Visual and Physical Inspection
Several of the symptom procedures ask for careful
visual and physical inspection. This step is extremely
important. The visual and physical inspection can lead
to correcting a problem without further inspections, and
can save valuable time. Ensure that:
• The ECM grounds are clean, tight, and in their proper location.
• The vacuum hoses are not split or kinked, and properly connected. Inspect thoroughly for any
type of leak or restriction.
• The air intake ducts are not collapsed or damaged.
• The exhaust pipes are not collapsed or damaged.

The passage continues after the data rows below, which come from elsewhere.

(* Let $d \in \mathbb{N}$, $s \in \{1,\dots,d\}$, $M \geq 1$, $y \in [0,1]^d$, and $p \in (0,\infty]$. Then \[ \operatorname{supp} \vartheta_{M,y}^{(s)} \subset y + (M^{-1} [-1,1]^s \times \mathbb{R}^{d - s}) \] and \[ \frac12 \cdot (4s)^{-s/p}\cdot M^{-s/p}\le \| \vartheta_{M,y}^{(s)} \|_{L^p([0,1]^d)} \le 2^{s/p} \cdot M^{-s/p} . \]
   Context: Let $\varrho(x)=\max\{0,x\}$. For $M>0$, $\sigma\in\mathbb{R}$ define $\Lambda_{M,\sigma}:\mathbb{R}\to(-\infty,1]$ by $\Lambda_{M,\sigma}(t)=0$ if $t\le \sigma-\frac1M$ and $\Lambda_{M,\sigma}(t)=1-M|t-\sigma|$ if $t\ge\sigma-\frac1M$. For $s\in\{1,\dots,d\}$ and $y\in\mathbb{R}^d$ define $\Delta^{(s)}_{M,y}(x)=\big(\sum_{i=1}^s\Lambda_{M,y_i}(x_i)\big)-(s-1)$ and $\vartheta^{(s)}_{M,y}(x)=\varrho(\Delta^{(s)}_{M,y}(x))$ for $x\in\mathbb{R}^d$. For $p=\infty$, $s/p=0$. *)

theory Defs
  imports "HOL-Analysis.Analysis" "HOL-Probability.Essential_Supremum"
begin

text \<open>Points of R^d are functions nat => real; coordinate i of the paper is index i-1 here
  (indices 0..d-1). Only coordinates below d are ever used.\<close>

definition relu :: "real \<Rightarrow> real" where
  "relu x = max 0 x"

definition Lam :: "real \<Rightarrow> real \<Rightarrow> real \<Rightarrow> real" where
  "Lam M \<sigma> t = (if t \<le> \<sigma> - 1 / M then 0 else 1 - M * \<bar>t - \<sigma>\<bar>)"

definition Delta :: "nat \<Rightarrow> real \<Rightarrow> (nat \<Rightarrow> real) \<Rightarrow> (nat \<Rightarrow> real) \<Rightarrow> real" where
  "Delta s M y x = (\<Sum>i<s. Lam M (y i) (x i)) - (real s - 1)"

definition theta :: "nat \<Rightarrow> real \<Rightarrow> (nat \<Rightarrow> real) \<Rightarrow> (nat \<Rightarrow> real) \<Rightarrow> real" where
  "theta s M y x = relu (Delta s M y x)"

definition unit_cube :: "nat \<Rightarrow> (nat \<Rightarrow> real) set" where
  "unit_cube d = {x. \<forall>i<d. x i \<in> {0..1}}"

definition cube_measure :: "nat \<Rightarrow> (nat \<Rightarrow> real) measure" where
  "cube_measure d = restrict_space (PiM {..<d} (\<lambda>_. lborel)) (unit_cube d)"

• The engine harness wiring and terminals are properly connected and are not pinched or cut.
Intermittent
Important: Inspect for improper installation of electrical
components if an intermittent condition exists. Inspect
for aftermarket add-on electrical equipment devices,
lights, and cellular phones. Verify that no aftermarket
equipment is connected to the controller area network
(CAN) or other serial data circuit.
Important: The problem may or may not turn ON the
MIL/ SVS lamp or store a DTC. Faulty electrical
connections or wiring cause most intermittent
problems. Perform a careful visual and physical
inspection of the suspect connectors for the following
conditions:
• Improperly mated connector halves
• Terminals that are not seated
• Terminals that are damaged or improperly formed Reform or replace connector terminals in the problem
circuit in order to ensure proper contact tension.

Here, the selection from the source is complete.